In recent weeks, Kenya has witnessed a rapid rise in civic tech development, driven by Gen Z activists protesting the Kenya Finance Bill 2024. Alongside the street protests, a digital movement emerged to break down the bill into digestible, easy-to-understand formats. This effort empowered Kenyans by explaining the reasons behind the protests using short videos on TikTok, X (formerly Twitter), and Instagram.
These videos quickly spread across WhatsApp groups, initially in English but soon expanding into more than 10 local languages to reach Gen Z and parents in rural areas. This grassroots translation effort emphasized the voluntary spirit behind the movement. However, it also revealed a significant gap: an inclusive AI ecosystem that caters to Africa’s linguistic diversity.
A Large Language Model (LLM) released during the protests could only support English and Kiswahili, further highlighting the underrepresentation of African languages in AI tools.
Kiswahili’s Role in Digital Transformation and AI Inclusion
Coincidentally, Kenya hosted the World Kiswahili Language Day celebrations from July 5-7, 2024, marking a significant moment for the language’s promotion. This annual celebration, established by UNESCO in November 2021, recognizes the role of Kiswahili in cultural preservation, social participation, and awareness creation. With over 200 million speakers in more than 14 countries, Kiswahili is not only the most widely spoken language in Sub-Saharan Africa but also ranks among the top 10 most spoken languages in the world.
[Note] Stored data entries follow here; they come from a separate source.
(* Let $\rho\ge 0$ and let $t=(\sqrt{1+8\rho}-1)/(2\rho)$ if $\rho>0$ and $t=2$ if $\rho=0$. Consider the two-dimensional Poisson regression model with interaction at $\boldsymbol{\beta}=(0,-1,-1,-\rho)^\top$ on $\mathcal{X}=[0,\infty)^2$, and let $\xi_t$ be the design assigning equal weights $1/4$ to $(0,0)$, $(2,0)$, $(0,2)$ and $(t,t)$. Then $d((x,0);\xi_t)=d((0,x);\xi_t)\le 0$ for all $x\ge 0$.
   Context: In the model, an observation at setting $\mathbf{x}=(x_1,x_2)$ is Poisson distributed with mean $\lambda(\mathbf{x})=\exp(\mathbf{f}(\mathbf{x})^\top\boldsymbol{\beta})=\exp(-x_1-x_2-\rho x_1x_2)$, where $\mathbf{f}(\mathbf{x})=(1,x_1,x_2,x_1x_2)^\top$. For a design $\xi$ with settings $\mathbf{x}_i$ and weights $w_i$ (nonnegative, summing to $1$), the information matrix is $\mathbf{M}(\xi)=\sum_i w_i\lambda(\mathbf{x}_i)\mathbf{f}(\mathbf{x}_i)\mathbf{f}(\mathbf{x}_i)^\top$, and the deduced sensitivity function is $d(\mathbf{x};\xi)=\mathbf{f}(\mathbf{x})^\top\mathbf{M}(\xi)^{-1}\mathbf{f}(\mathbf{x})/p-1/\lambda(\mathbf{x})$ with $p=4$. *)

theory Defs
  imports "HOL-Analysis.Analysis"
begin

definition lam :: "real \<Rightarrow> real \<Rightarrow> real \<Rightarrow> real" where
  "lam \<rho> x1 x2 = exp (- x1 - x2 - \<rho> * x1 * x2)"

definition fv :: "real \<Rightarrow> real \<Rightarrow> real^4" where
  "fv x1 x2 = vector [1, x1, x2, x1 * x2]"

definition info_matrix :: "real \<Rightarrow> ((real \<times> real) \<times> real) list \<Rightarrow> real^4^4" where
  "info_matrix \<rho> \<xi> =
     (\<Sum>((x1, x2), w) \<leftarrow> \<xi>. (w * lam \<rho> x1 x2) *\<^sub>R (\<chi> i j. fv x1 x2 $ i * fv x1 x2 $ j))"

definition sens :: "real \<Rightarrow> ((real \<times> real) \<times> real) list \<Rightarrow> real \<Rightarrow> real \<Rightarrow> real" where
  "sens \<rho> \<xi> x1 x2 =
     (fv x1 x2 \<bullet> (matrix_inv (info_matrix \<rho> \<xi>) *v fv x1 x2)) / 4 - 1 / lam \<rho> x1 x2"

definition t_of :: "real \<Rightarrow> real" where
  "t_of \<rho> = (if \<rho> > 0 then (sqrt (1 + 8 * \<rho>) - 1) / (2 * \<rho>) else 2)"

definition xi_t :: "real \<Rightarrow> ((real \<times> real) \<times> real) list" where
  "xi_t t = [((0, 0), 1/4), ((2, 0), 1/4), ((0, 2), 1/4), ((t, t), 1/4)]"

end

theory Submission
  imports Defs
begin

(* On the axes x1 * x2 = 0, so the intensity there and at the support points (0,0), (2,0),
   (0,2) does not depend on rho.  Since f(x,0) = (1 - x/2) f(0,0) + (x/2) f(2,0), the equation
   M v = f(x,0) has a solution v orthogonal to f(t,t): the fourth support point drops out and
   f(x,0)' M^-1 f(x,0) / 4 = (1 - x/2)^2 / lam(0,0) + (x/2)^2 / lam(2,0), whatever t <> 0 is,
   and symmetrically on the other axis.  The resulting inequality
   (1 - x/2)^2 + (x/2)^2 e^2 <= e^x follows from the quadratic Taylor bound of exp for x <= 1
   and from the cubic Taylor bound of exp around 2 for x >= 1. *)

lemma matrix_inv_mult_vector_eq:
  fixes A :: "'a::field^'n^'n"
  assumes "invertible A" and "A *v v = f"
  shows "matrix_inv A *v f = v"
proof -
  have "matrix_inv A ** A = mat 1"
    using assms(1) someI_ex[of "\<lambda>B. A ** B = mat 1 \<and> B ** A = mat 1"]
    unfolding invertible_def matrix_inv_def by blast
  then show ?thesis
    using assms(2) by (metis matrix_vector_mul_assoc matrix_vector_mul_lid)
qed

lemma invertible_iff_ker_trivial:
  fixes A :: "'a::field^'n^'n"
  shows "invertible A \<longleftrightarrow> (\<forall>z. A *v z = 0 \<longrightarrow> z = 0)"
  by (simp add: invertible_left_inverse matrix_left_invertible_ker)

lemma outer_product_mult_vector:
  fixes f z :: "real^'n"
  shows "(\<chi> i j. f $ i * f $ j) *v z = (f \<bullet> z) *\<^sub>R f"
  by (simp add: vec_eq_iff matrix_vector_mult_def inner_vec_def sum_distrib_left algebra_simps)

lemma info_matrix_mult_vector:
  "info_matrix \<rho> \<xi> *v z =
     (\<Sum>((x1, x2), w) \<leftarrow> \<xi>. (w * lam \<rho> x1 x2 * (fv x1 x2 \<bullet> z)) *\<^sub>R fv x1 x2)"
proof (induction \<xi>)
  case Nil
  then show ?case by (simp add: info_matrix_def)
next
  case (Cons p \<xi>)
  obtain x1 x2 w where "p = ((x1, x2), w)"
    by (metis prod.exhaust)
  with Cons show ?case
    by (simp add: info_matrix_def matrix_vector_mult_add_rdistrib
        scaleR_matrix_vector_assoc[symmetric] outer_product_mult_vector)
qed

lemma fv_inner: "fv a b \<bullet> z = z$1 + a * z$2 + b * z$3 + a * b * z$4"
  by (simp add: fv_def vector_def inner_vec_def sum_4)

lemma info_matrix_xi_t_mult_vector:
  "info_matrix \<rho> (xi_t t) *v z =
     (lam \<rho> 0 0 / 4 * (fv 0 0 \<bullet> z)) *\<^sub>R fv 0 0 + (lam \<rho> 2 0 / 4 * (fv 2 0 \<bullet> z)) *\<^sub>R fv 2 0
   + (lam \<rho> 0 2 / 4 * (fv 0 2 \<bullet> z)) *\<^sub>R fv 0 2 + (lam \<rho> t t / 4 * (fv t t \<bullet> z)) *\<^sub>R fv t t"
  by (simp add: info_matrix_mult_vector xi_t_def add.assoc)

lemma lam_pos: "lam \<rho> a b > 0"
  by (simp add: lam_def)

lemma invertible_info_matrix_xi_t:
  assumes "t \<noteq> 0"
  shows "invertible (info_matrix \<rho> (xi_t t))"
  unfolding invertible_iff_ker_trivial
proof (intro allI impI)
  fix z :: "real^4"
  assume "info_matrix \<rho> (xi_t t) *v z = 0"
  let ?q = "\<lambda>a b. lam \<rho> a b / 4 * (fv a b \<bullet> z)\<^sup>2"
  have "z \<bullet> (info_matrix \<rho> (xi_t t) *v z) = 0"
    using \<open>info_matrix \<rho> (xi_t t) *v z = 0\<close> by simp
  moreover have "z \<bullet> (info_matrix \<rho> (xi_t t) *v z) = ?q 0 0 + ?q 2 0 + ?q 0 2 + ?q t t"
    unfolding info_matrix_xi_t_mult_vector
    by (simp add: inner_add_right inner_commute power2_eq_square)
  moreover have "?q a b \<ge> 0" for a b
    using lam_pos[of \<rho> a b] by simp
  ultimately have "?q 0 0 = 0" "?q 2 0 = 0" "?q 0 2 = 0" "?q t t = 0"
    by (smt (verit))+
  then have "fv 0 0 \<bullet> z = 0" "fv 2 0 \<bullet> z = 0" "fv 0 2 \<bullet> z = 0" "fv t t \<bullet> z = 0"
    using lam_pos[of \<rho>] by (simp_all add: less_imp_neq[symmetric])
  then show "z = 0"
    using assms by (simp add: fv_inner vec_eq_iff forall_4)
qed

lemma exists_xi_t_dual_vector:
  fixes c :: "real \<Rightarrow> real \<Rightarrow> real"
  assumes "t \<noteq> 0"
  obtains v where "fv 0 0 \<bullet> v = c 0 0" "fv 2 0 \<bullet> v = c 2 0" "fv 0 2 \<bullet> v = c 0 2"
    "fv t t \<bullet> v = c t t"
proof
  define v :: "real^4" where "v = vector [c 0 0, (c 2 0 - c 0 0) / 2, (c 0 2 - c 0 0) / 2,
    (c t t - c 0 0 - t * (c 2 0 - c 0 0) / 2 - t * (c 0 2 - c 0 0) / 2) / t\<^sup>2]"
  have v: "v $ 1 = c 0 0" "v $ 2 = (c 2 0 - c 0 0) / 2" "v $ 3 = (c 0 2 - c 0 0) / 2"
    "v $ 4 = (c t t - c 0 0 - t * (c 2 0 - c 0 0) / 2 - t * (c 0 2 - c 0 0) / 2) / t\<^sup>2"
    by (simp_all add: v_def vector_def)
  show "fv 0 0 \<bullet> v = c 0 0" "fv 2 0 \<bullet> v = c 2 0" "fv 0 2 \<bullet> v = c 0 2"
    "fv t t \<bullet> v = c t t"
    using assms by (simp_all add: fv_inner v field_simps power2_eq_square)
qed

lemma sens_xi_t_on_segment:
  assumes "t \<noteq> 0" and p: "(p1, p2) \<in> {(2, 0), (0, 2)}"
    and ab: "fv a b = (1 - s) *\<^sub>R fv 0 0 + s *\<^sub>R fv p1 p2"
  shows "sens \<rho> (xi_t t) a b = (1 - s)\<^sup>2 / lam \<rho> 0 0 + s\<^sup>2 / lam \<rho> p1 p2 - 1 / lam \<rho> a b"
proof -
  define c where "c x1 x2 =
    (if (x1, x2) = (0, 0) then 4 * (1 - s) / lam \<rho> 0 0
     else if (x1, x2) = (p1, p2) then 4 * s / lam \<rho> p1 p2 else 0)" for x1 x2
  obtain v where v: "fv 0 0 \<bullet> v = c 0 0" "fv 2 0 \<bullet> v = c 2 0" "fv 0 2 \<bullet> v = c 0 2"
    "fv t t \<bullet> v = c t t"
    using exists_xi_t_dual_vector[OF assms(1)] by blast
  have "info_matrix \<rho> (xi_t t) *v v = fv a b"
    using assms v lam_pos[of \<rho>] unfolding info_matrix_xi_t_mult_vector c_def
    by (auto simp: less_imp_neq[symmetric])
  then have inv: "matrix_inv (info_matrix \<rho> (xi_t t)) *v fv a b = v"
    by (rule matrix_inv_mult_vector_eq[OF invertible_info_matrix_xi_t[OF assms(1)]])
  have "fv a b \<bullet> v = (1 - s) * (fv 0 0 \<bullet> v) + s * (fv p1 p2 \<bullet> v)"
    using ab by (simp add: inner_add_left)
  also have "\<dots> = 4 * ((1 - s)\<^sup>2 / lam \<rho> 0 0 + s\<^sup>2 / lam \<rho> p1 p2)"
    using p v lam_pos[of \<rho>] by (auto simp: c_def field_simps power2_eq_square)
  finally show ?thesis
    unfolding sens_def inv by (simp add: mult.commute)
qed

lemma sens_xi_t_axes:
  assumes "t \<noteq> 0"
  shows "sens \<rho> (xi_t t) x 0 = (1 - x / 2)\<^sup>2 + (x / 2)\<^sup>2 * exp 2 - exp x"
    and "sens \<rho> (xi_t t) 0 x = (1 - x / 2)\<^sup>2 + (x / 2)\<^sup>2 * exp 2 - exp x"
proof -
  have lam_axes: "lam \<rho> 0 0 = 1" "lam \<rho> 2 0 = 1 / exp 2" "lam \<rho> 0 2 = 1 / exp 2"
    "lam \<rho> x 0 = 1 / exp x" "lam \<rho> 0 x = 1 / exp x"
    by (simp_all add: lam_def exp_minus inverse_eq_divide)
  have "sens \<rho> (xi_t t) x 0 =
      (1 - x / 2)\<^sup>2 / lam \<rho> 0 0 + (x / 2)\<^sup>2 / lam \<rho> 2 0 - 1 / lam \<rho> x 0"
    by (rule sens_xi_t_on_segment[OF assms]) (simp_all add: fv_def vec_eq_iff forall_4 vector_def)
  moreover have "sens \<rho> (xi_t t) 0 x =
      (1 - x / 2)\<^sup>2 / lam \<rho> 0 0 + (x / 2)\<^sup>2 / lam \<rho> 0 2 - 1 / lam \<rho> 0 x"
    by (rule sens_xi_t_on_segment[OF assms]) (simp_all add: fv_def vec_eq_iff forall_4 vector_def)
  ultimately show "sens \<rho> (xi_t t) x 0 = (1 - x / 2)\<^sup>2 + (x / 2)\<^sup>2 * exp 2 - exp x"
    and "sens \<rho> (xi_t t) 0 x = (1 - x / 2)\<^sup>2 + (x / 2)\<^sup>2 * exp 2 - exp x"
    by (simp_all only: lam_axes divide_divide_eq_right mult_1_left div_by_1)
qed

lemma exp_lower_Taylor_cubic: "1 + y + y\<^sup>2 / 2 + y ^ 3 / 6 \<le> exp (y :: real)"
proof -
  obtain u where "exp y = (\<Sum>m<4. y ^ m / fact m) + exp u / fact 4 * y ^ 4"
    using Maclaurin_exp_le[of y 4] by blast
  moreover have "(\<Sum>m<4. y ^ m / fact m) = 1 + y + y\<^sup>2 / 2 + y ^ 3 / 6"
    by (simp add: eval_nat_numeral fact_numeral)
  moreover have "exp u / fact 4 * y ^ 4 \<ge> 0"
    by (simp add: zero_le_even_power)
  ultimately show ?thesis by linarith
qed

lemma axis_interpolant_le_exp:
  assumes x: "(x :: real) \<ge> 0"
  shows "(1 - x / 2)\<^sup>2 + (x / 2)\<^sup>2 * exp 2 \<le> exp x"
proof -
  define E where "E = exp (2 :: real)"
  have E_le: "E \<le> 9"
  proof -
    have "E = exp 1 * exp 1" unfolding E_def by (simp flip: exp_add)
    also have "\<dots> \<le> 3 * 3" using exp_le by (intro mult_mono) auto
    finally show ?thesis by simp
  qed
  have E_ge: "E \<ge> 3"
    using exp_lower_Taylor_quadratic[of 2] unfolding E_def by simp
  show ?thesis
  proof (cases "x \<le> 1")
    case True
    have "x * (E - 1) \<le> 1 * 8"
      using True E_le E_ge x by (intro mult_mono) auto
    then have "x * (x * (E - 1)) \<le> x * 8"
      using x by (simp add: mult_left_mono)
    then have "(1 - x / 2)\<^sup>2 + (x / 2)\<^sup>2 * E \<le> 1 + x + x\<^sup>2 / 2"
      by (simp add: power2_eq_square field_simps)
    then show ?thesis
      using exp_lower_Taylor_quadratic[OF x] unfolding E_def by linarith
  next
    case False
    define y where "y = x - 2"
    have "(1 - x / 2)\<^sup>2 + (x / 2)\<^sup>2 * E =
        E * (1 + y + y\<^sup>2 / 2 + y ^ 3 / 6) - y\<^sup>2 * ((E - 1) / 4 + E * y / 6)"
      unfolding y_def by (simp add: power2_eq_square power3_eq_cube field_simps)
    also have "\<dots> \<le> E * (1 + y + y\<^sup>2 / 2 + y ^ 3 / 6)"
    proof -
      have "E * (y + 1) \<ge> 0"
        using False E_ge unfolding y_def by simp
      then have "(E - 1) / 4 + E * y / 6 \<ge> 0"
        using E_ge by (simp add: field_simps)
      then show ?thesis by simp
    qed
    also have "\<dots> \<le> E * exp y"
      using exp_lower_Taylor_cubic[of y] E_ge by (intro mult_left_mono) auto
    also have "\<dots> = exp x"
      unfolding E_def y_def by (simp flip: exp_add)
    finally show ?thesis unfolding E_def .
  qed
qed

lemma t_of_pos:
  assumes "\<rho> \<ge> 0"
  shows "t_of \<rho> > 0"
proof (cases "\<rho> > 0")
  case True
  then have "sqrt (1 + 8 * \<rho>) > 1" by simp
  with True show ?thesis unfolding t_of_def by simp
next
  case False
  then show ?thesis unfolding t_of_def by simp
qed

theorem lemma3:
  fixes \<rho> x :: real
  assumes "\<rho> \<ge> 0" and "x \<ge> 0"
  shows "sens \<rho> (xi_t (t_of \<rho>)) x 0 = sens \<rho> (xi_t (t_of \<rho>)) 0 x \<and>
         sens \<rho> (xi_t (t_of \<rho>)) x 0 \<le> 0"
proof -
  have "t_of \<rho> \<noteq> 0"
    using t_of_pos[OF assms(1)] by simp
  then show ?thesis
    using sens_xi_t_axes axis_interpolant_le_exp[OF assms(2)] by simp
qed

end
Despite its prominence, Kiswahili’s digital presence remains limited, placing it among low-resource languages. This lack of digital resources reflects a broader trend affecting over 2,000 African languages—most of which are either underrepresented or completely absent in the AI landscape.
The Digital Divide and the Exclusion of African Languages
The limited availability of digitized African language data creates several challenges:
- Limited access to AI-powered tools such as virtual assistants (e.g., Siri, Alexa) and machine translation services.
- Barriers to AI innovation due to the lack of text and speech data required to train models for African languages.
- Exacerbation of the digital divide, excluding millions of Africans from economic and technological opportunities.
The AI revolution requires three critical steps:
- Language data collection – gathering text and speech resources for training.
- Model development – building AI tools using these datasets.
- Tool deployment – making these tools accessible to users.
However, without adequate datasets, Natural Language Processing (NLP) researchers cannot create the AI tools needed for African languages, limiting access to essential technology.
A Global Language Readiness Index: Paving the Way Forward
Given the importance of datasets for bespoke African AI models, there is an urgent need for a systematic approach to language data creation. An African Language Readiness Index—similar to the Government AI Readiness Index 2023—could be a game-changer. Such an index would provide a framework to:
- Identify gaps in data availability for African languages.
- Set priorities for data collection and expansion efforts.
- Design strategies to efficiently collect and expand language datasets.
Through collaborative efforts across the AI and NLP sectors, such an index could assess how prepared a language is for machine learning applications. This systematic approach would accelerate the development of African language tools, ensuring speakers of these languages can access digital services in their native tongues.
Building an Inclusive Digital Future for Africa
The recent surge in digital civic engagement across Kenya is a clear indication of Africa’s growing interest in technology-driven activism. However, to ensure that all Africans benefit from this digital wave, the tools and platforms being created must cater to all languages spoken across the continent.
Addressing the linguistic exclusion in AI will:
- Bridge the digital divide, ensuring more Africans have access to technology.
- Incorporate African voices in the global digital space.
- Boost economic growth, as people can interact with AI tools in their own languages.
The digital transformation unfolding in Kenya and across Africa offers an opportunity to reshape the AI landscape to include the diverse languages of the continent. By focusing on language inclusion, Africa can create a more inclusive and innovative future for all.